**** Records
lemma Theta_set_limit:
  fixes T :: "nat \<Rightarrow> real^'n^'n"
  assumes lim: "T \<longlonglongrightarrow> T0" and T: "\<And>k. T k \<in> Theta_set A" and "0 < det T0"
  shows "T0 \<in> Theta_set A"
proof -
  have entry: "(\<lambda>k. T k $ i $ j) \<longlonglongrightarrow> T0 $ i $ j" for i j
    using lim by (intro tendsto_vec_nth)
  have pd: "pos_def (T k)" for k
    using T by (simp add: Theta_set_def)
  have "T0 $ i $ j = T0 $ j $ i" for i j
  proof -
    have "transpose (T k) $ j $ i = T k $ j $ i" for k
      using pd[of k] by (simp add: pos_def_def)
    then have "(\<lambda>k. T k $ i $ j) \<longlonglongrightarrow> T0 $ j $ i"
      using entry[of j i] by (simp add: transpose_def)
    then show ?thesis
      using entry[of i j] LIMSEQ_unique by blast
  qed
  then have sym: "transpose T0 = T0"
    by (simp add: vec_eq_iff transpose_def)
  have "0 \<le> quad_form T0 x" for x
    using lim by (intro tendsto_lowerbound[of "\<lambda>k. quad_form (T k) x"]) (auto intro!: tendsto_intros always_eventually quad_form_nonneg pd)
  then have "pos_def T0"
    using sym \<open>0 < det T0\<close> by (intro pos_def_if_quad_form_nonneg) auto
  moreover have "T0 $ i $ j = 0" if "i \<noteq> j" "A $ i $ j = 0" for i j
    using entry[of i j] T that by (simp add: Theta_set_def LIMSEQ_const_iff)
  moreover have "matrix_inv T0 $ i $ i = 1" for i
    using tendsto_matrix_inv_entry[OF lim, of i i] \<open>0 < det T0\<close> T
    by (simp add: Theta_set_def LIMSEQ_const_iff)
  ultimately show ?thesis
    unfolding Theta_set_def by blast
qed

lemma pos_if_ln_bounded_below:
  fixes x g :: "nat \<Rightarrow> real"
  assumes "x \<longlonglongrightarrow> x0" "g \<longlonglongrightarrow> L" and "\<And>k. 0 < x k" "\<And>k. g k \<le> ln (x k)"
  shows "0 < x0"
proof -
  have "eventually (\<lambda>k. L - 1 < g k) sequentially"
    using assms(2) by (rule order_tendstoD) simp
  then have "eventually (\<lambda>k. exp (L - 1) \<le> x k) sequentially"
  proof eventually_elim
    case (elim k)
    then have "exp (L - 1) \<le> exp (ln (x k))"
      using assms(4)[of k] by simp
    then show ?case using assms(3)[of k] by simp
  qed
  then have "exp (L - 1) \<le> x0"
    using assms(1) by (intro tendsto_lowerbound) auto
  then show ?thesis
    using exp_gt_zero less_le_trans by blast
qed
********
What to do
Write each entry out again, exactly as it reads above.

Exercise answer
lemma Theta_set_limit:
  fixes T :: "nat \<Rightarrow> real^'n^'n"
  assumes lim: "T \<longlonglongrightarrow> T0" and T: "\<And>k. T k \<in> Theta_set A" and "0 < det T0"
  shows "T0 \<in> Theta_set A"
proof -
  have entry: "(\<lambda>k. T k $ i $ j) \<longlonglongrightarrow> T0 $ i $ j" for i j
    using lim by (intro tendsto_vec_nth)
  have pd: "pos_def (T k)" for k
    using T by (simp add: Theta_set_def)
  have "T0 $ i $ j = T0 $ j $ i" for i j
  proof -
    have "transpose (T k) $ j $ i = T k $ j $ i" for k
      using pd[of k] by (simp add: pos_def_def)
    then have "(\<lambda>k. T k $ i $ j) \<longlonglongrightarrow> T0 $ j $ i"
      using entry[of j i] by (simp add: transpose_def)
    then show ?thesis
      using entry[of i j] LIMSEQ_unique by blast
  qed
  then have sym: "transpose T0 = T0"
    by (simp add: vec_eq_iff transpose_def)
  have "0 \<le> quad_form T0 x" for x
    using lim by (intro tendsto_lowerbound[of "\<lambda>k. quad_form (T k) x"]) (auto intro!: tendsto_intros always_eventually quad_form_nonneg pd)
  then have "pos_def T0"
    using sym \<open>0 < det T0\<close> by (intro pos_def_if_quad_form_nonneg) auto
  moreover have "T0 $ i $ j = 0" if "i \<noteq> j" "A $ i $ j = 0" for i j
    using entry[of i j] T that by (simp add: Theta_set_def LIMSEQ_const_iff)
  moreover have "matrix_inv T0 $ i $ i = 1" for i
    using tendsto_matrix_inv_entry[OF lim, of i i] \<open>0 < det T0\<close> T
    by (simp add: Theta_set_def LIMSEQ_const_iff)
  ultimately show ?thesis
    unfolding Theta_set_def by blast
qed

lemma pos_if_ln_bounded_below:
  fixes x g :: "nat \<Rightarrow> real"
  assumes "x \<longlonglongrightarrow> x0" "g \<longlonglongrightarrow> L" and "\<And>k. 0 < x k" "\<And>k. g k \<le> ln (x k)"
  shows "0 < x0"
proof -
  have "eventually (\<lambda>k. L - 1 < g k) sequentially"
    using assms(2) by (rule order_tendstoD) simp
  then have "eventually (\<lambda>k. exp (L - 1) \<le> x k) sequentially"
  proof eventually_elim
    case (elim k)
    then have "exp (L - 1) \<le> exp (ln (x k))"
      using assms(4)[of k] by simp
    then show ?case using assms(3)[of k] by simp
  qed
  then have "exp (L - 1) \<le> x0"
    using assms(1) by (intro tendsto_lowerbound) auto
  then show ?thesis
    using exp_gt_zero less_le_trans by blast
qed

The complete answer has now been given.